Saturday 12 February 2011

UnMasterclass 7



"You see, painting has now become, or all art has now become completely a game, by which man distracts himself. What is fascinating actually is, that it's going to become much more difficult for the artist, because he must really deepen the game to become any good at all."
Francis Bacon

"You could say that I have no inspiration, that I only need to paint."
Francis Bacon


Here at UnMasterclass we are not really into deepening our game and inspiration is often in short supply, which is perhaps goes some way as to explaining why the paintings come out as they do. One of the big guns of the 20th Century comes under the UnMasterclass watchful eye this week and ends up not looking too far away from the postcard the copy was painted from and a million light years away from the Bacon original. So have a look at the latest UnMasterclass here - http://vimeo.com/19872705 - and then pop along to good old Tate Britain to goggle at the original.

Friday 4 February 2011

UnMasterclass 6

A couple of years ago I recommended a student to visit the Glenn Brown exhibition that was on at Tate Liverpool at the time. A couple of weeks later I had a tutorial with the same student and she mentioned how much she had enjoyed the exhibition and that she loved his work and brought out the exhibition booklet to draw my attention to the painting that had most inspired her Brown's The Day the World Turned Auerbach. I was somewhat surprised to learn that what she loved most of all was the thick impasto paintwork, the sumptuous ooze and materiality of the paint. I let her carry on for several minutes like this.
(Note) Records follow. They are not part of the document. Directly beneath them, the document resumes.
lemma prob_freq_deviates_bernoulli:
  assumes "finite I" and "0 \<le> q" "q \<le> 1"
  shows "measure_pmf.prob (Pi_pmf I False (\<lambda>_. bernoulli_pmf q))
           {g. freq_deviates I L q c (\<lambda>n. c n \<and> g n)} \<le> 2 * exp (- L)"
proof -
  define S where "S = {n \<in> I. c n}"
  have "finite S" using assms(1) by (simp add: S_def)
  have count: "{n \<in> I. c n \<and> g n} = {n \<in> S. g n}" for g :: "nat \<Rightarrow> bool"
    by (auto simp: S_def)
  consider "S = {}" | "L < 0" | "S \<noteq> {}" "0 \<le> L" by fastforce
  then show ?thesis
  proof cases
    case 1
    then show ?thesis by (simp add: freq_deviates_def S_def[symmetric])
  next
    case 2
    then have "1 \<le> exp (- L)" by simp
    show ?thesis
      by (rule order_trans[OF measure_pmf.prob_le_1]) (use \<open>1 \<le> exp (- L)\<close> in linarith)
  next
    case 3
    define \<epsilon> where "\<epsilon> = sqrt (L / (2 * real (card S)))"
    have "card S > 0" using 3 \<open>finite S\<close> by (simp add: card_gt_0_iff)
    have "\<epsilon> \<ge> 0" using 3 by (simp add: \<epsilon>_def)
    interpret binomial_distribution "card S" q by unfold_locales (use assms in auto)
    have "binomial_pmf (card S) q =
        map_pmf (\<lambda>g. card {n \<in> S. g n}) (Pi_pmf S False (\<lambda>_. bernoulli_pmf q))"
      by (rule binomial_pmf_altdef') (use \<open>finite S\<close> assms in auto)
    also have "Pi_pmf S False (\<lambda>_. bernoulli_pmf q) =
        map_pmf (\<lambda>g n. if n \<in> S then g n else False) (Pi_pmf I False (\<lambda>_. bernoulli_pmf q))"
      by (rule Pi_pmf_subset) (use assms(1) in \<open>auto simp: S_def\<close>)
    finally have binomial: "binomial_pmf (card S) q =
        map_pmf (\<lambda>g. card {n \<in> S. g n}) (Pi_pmf I False (\<lambda>_. bernoulli_pmf q))"
      by (simp add: map_pmf_comp cong: conj_cong)
    have "measure_pmf.prob (Pi_pmf I False (\<lambda>_. bernoulli_pmf q))
           {g. freq_deviates I L q c (\<lambda>n. c n \<and> g n)}
        = measure_pmf.prob (binomial_pmf (card S) q) {k. \<epsilon> < \<bar>real k / real (card S) - q\<bar>}"
      using \<open>card S > 0\<close>
      by (simp add: binomial vimage_def freq_deviates_def Let_def count \<epsilon>_def S_def[symmetric])
    also have "\<dots> \<le> measure_pmf.prob (binomial_pmf (card S) q) {k. \<epsilon> \<le> \<bar>real k / real (card S) - q\<bar>}"
      by (intro measure_pmf.finite_measure_mono) auto
    also have "\<dots> \<le> 2 * exp (- 2 * real (card S) * \<epsilon>\<^sup>2)"
      using prob_abs_ge'[OF \<open>card S > 0\<close> \<open>\<epsilon> \<ge> 0\<close>] by simp
    also have "- 2 * real (card S) * \<epsilon>\<^sup>2 = - L"
      using \<open>card S > 0\<close> 3 by (simp add: \<epsilon>_def)
    finally show ?thesis .
  qed
qed

lemma map_pmf_membership_pair:
  fixes Q :: "'a pmf" and A B :: "'a set"
  assumes "measure_pmf.prob Q A > 0"
  defines "pa \<equiv> measure_pmf.prob Q A"
  defines "q \<equiv> measure_pmf.prob Q (A \<inter> B) / pa"
  shows "map_pmf (\<lambda>t. (t \<in> A, t \<in> A \<inter> B)) Q =
           bernoulli_pmf pa \<bind> (\<lambda>c. map_pmf (\<lambda>b. (c, c \<and> b)) (bernoulli_pmf q))"
proof (rule pmf_eqI)
  fix ab :: "bool \<times> bool"
  obtain a b where ab: "ab = (a, b)" by fastforce
  have pa: "0 \<le> pa" "pa \<le> 1" by (simp_all add: pa_def)
  have "measure_pmf.prob Q (A \<inter> B) \<le> pa"
    unfolding pa_def by (intro measure_pmf.finite_measure_mono) auto
  then have q: "0 \<le> q" "q \<le> 1" and pa_q: "pa * q = measure_pmf.prob Q (A \<inter> B)"
    using assms(1) by (simp_all add: q_def pa_def)
  have diff: "measure_pmf.prob Q (A - B) = pa - measure_pmf.prob Q (A \<inter> B)"
    using measure_pmf.finite_measure_Diff'[of A Q B] by (simp add: pa_def Int_commute)
  have compl: "measure_pmf.prob Q (- A) = 1 - pa"
    using measure_pmf.prob_compl[of A Q] by (simp add: pa_def Compl_eq_Diff_UNIV)
  have "(\<lambda>t. (t \<in> A, t \<in> A \<inter> B)) -` {(a, b)} =
      (if a then if b then A \<inter> B else A - B else if b then {} else - A)"
    by auto
  moreover have "pmf (bernoulli_pmf pa \<bind> (\<lambda>c. map_pmf (\<lambda>b. (c, c \<and> b)) (bernoulli_pmf q))) (a, b) =
      (if a then pa * pmf (bernoulli_pmf q) b else if b then 0 else 1 - pa)"
  proof -
    have "{c. c} = {True}" "- {c. c} = {False}" by auto
    then show ?thesis
      using pa q by (cases a; cases b)
        (simp_all add: pmf_bind integral_bernoulli_pmf pmf_map vimage_def measure_pmf_single
          Collect_conj_eq Collect_neg_eq)
  qed
  ultimately show "pmf (map_pmf (\<lambda>t. (t \<in> A, t \<in> A \<inter> B)) Q) ab =
      pmf (bernoulli_pmf pa \<bind> (\<lambda>c. map_pmf (\<lambda>b. (c, c \<and> b)) (bernoulli_pmf q))) ab"
    using q pa_q diff compl by (simp add: ab pmf_map right_diff_distrib)
qed

definition cond_freq_deviates :: "nat set \<Rightarrow> real \<Rightarrow> 'a pmf \<Rightarrow> 'a set \<Rightarrow> 'a set \<Rightarrow> (nat \<Rightarrow> 'a) set" where
  "cond_freq_deviates I L Q A B =
     {\<omega>. freq_deviates I L (measure_pmf.prob Q (A \<inter> B) / measure_pmf.prob Q A)
           (\<lambda>n. \<omega> n \<in> A) (\<lambda>n. \<omega> n \<in> A \<inter> B)}"

lemma prob_cond_freq_deviates:
  assumes "finite I" and "measure_pmf.prob Q A > 0"
  shows "measure_pmf.prob (Pi_pmf I d (\<lambda>_. Q)) (cond_freq_deviates I L Q A B) \<le> 2 * exp (- L)"
proof -
  define pa where "pa = measure_pmf.prob Q A"
  define q where "q = measure_pmf.prob Q (A \<inter> B) / pa"
  have "measure_pmf.prob Q (A \<inter> B) \<le> pa"
    unfolding pa_def by (intro measure_pmf.finite_measure_mono) auto
  then have q: "0 \<le> q" "q \<le> 1" using assms(2) by (simp_all add: q_def pa_def)
  define \<phi> where "\<phi> = (\<lambda>t. (t \<in> A, t \<in> A \<inter> B))"
  define bad where "bad = {h. freq_deviates I L q (\<lambda>n. fst (h n)) (\<lambda>n. snd (h n))}"
  define G where "G c g n = (if n \<in> I then (c n, c n \<and> g n) else \<phi> d)" for c g :: "nat \<Rightarrow> bool" and n
  \<comment> \<open>Draw the indicators c of A first; given c, the indicators of A \<inter> B are c n \<and> g n
    for independent Bernoulli(q) coins g.\<close>
  have "map_pmf ((\<circ>) \<phi>) (Pi_pmf I d (\<lambda>_. Q)) = Pi_pmf I (\<phi> d) (\<lambda>_. map_pmf \<phi> Q)"
    by (rule Pi_pmf_map[symmetric]) (use assms(1) in auto)
  also have "\<dots> = Pi_pmf I (\<phi> d)
      (\<lambda>_. bernoulli_pmf pa \<bind> (\<lambda>c. map_pmf (\<lambda>b. (c, c \<and> b)) (bernoulli_pmf q)))"
    using map_pmf_membership_pair[OF assms(2), of B] by (simp only: \<phi>_def pa_def q_def)
  also have "\<dots> = Pi_pmf I False (\<lambda>_. bernoulli_pmf pa) \<bind>
      (\<lambda>c. Pi_pmf I (\<phi> d) (\<lambda>n. map_pmf (\<lambda>b. (c n, c n \<and> b)) (bernoulli_pmf q)))"
    by (rule Pi_pmf_bind[OF assms(1)])
  also have "\<dots> = Pi_pmf I False (\<lambda>_. bernoulli_pmf pa) \<bind>
      (\<lambda>c. map_pmf (G c) (Pi_pmf I False (\<lambda>_. bernoulli_pmf q)))"
    unfolding G_def by (intro bind_pmf_cong refl Pi_pmf_map_dependent assms(1))
  finally have decomposition: "map_pmf ((\<circ>) \<phi>) (Pi_pmf I d (\<lambda>_. Q)) = \<dots>" .
  have "freq_deviates I L q (\<lambda>n. fst (G c g n)) (\<lambda>n. snd (G c g n)) =
      freq_deviates I L q c (\<lambda>n. c n \<and> g n)" for c g
    by (rule freq_deviates_cong) (simp_all add: G_def)
  then have "G c -` bad = {g. freq_deviates I L q c (\<lambda>n. c n \<and> g n)}" for c
    by (simp add: bad_def vimage_def)
  then have "measure_pmf.prob (map_pmf (G c) (Pi_pmf I False (\<lambda>_. bernoulli_pmf q))) bad
      \<le> 2 * exp (- L)" for c
    using prob_freq_deviates_bernoulli[OF assms(1) q] by simp
  then have "measure_pmf.prob (map_pmf ((\<circ>) \<phi>) (Pi_pmf I d (\<lambda>_. Q))) bad \<le> 2 * exp (- L)"
    unfolding decomposition by (intro measure_bind_pmf_le)
  moreover have "cond_freq_deviates I L Q A B = (\<circ>) \<phi> -` bad"
    by (simp add: cond_freq_deviates_def bad_def \<phi>_def q_def pa_def)
  ultimately show ?thesis by simp
qed

lemma not_cond_freq_deviates:
  assumes "\<omega> \<notin> cond_freq_deviates I L Q A B" and "0 < card {n \<in> I. \<omega> n \<in> A}"
  shows "\<bar>real (card {n \<in> I. \<omega> n \<in> A \<inter> B}) / real (card {n \<in> I. \<omega> n \<in> A})
           - measure_pmf.prob Q (A \<inter> B) / measure_pmf.prob Q A\<bar>
         \<le> sqrt (L / (2 * real (card {n \<in> I. \<omega> n \<in> A})))"
  using assms by (auto simp: cond_freq_deviates_def freq_deviates_def Let_def not_less)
I questioned her again as to whether she had in fact been to the show, which she assured me she had. I then asked to read a little bit about Glenn Brown in the booklet she had brought with her. I thought what gall to say she had been to an exhibition she had clearly not been too and  to not even read about an artist that she had earlier said was deeply influential to her work.
It also made me think how interesting it might be to purposely completely miss the point of paintings. the seeds of UnMasterclass was born.
The latest painting is a pretty poor copy more George Condo, than Sofonisba Anguissola.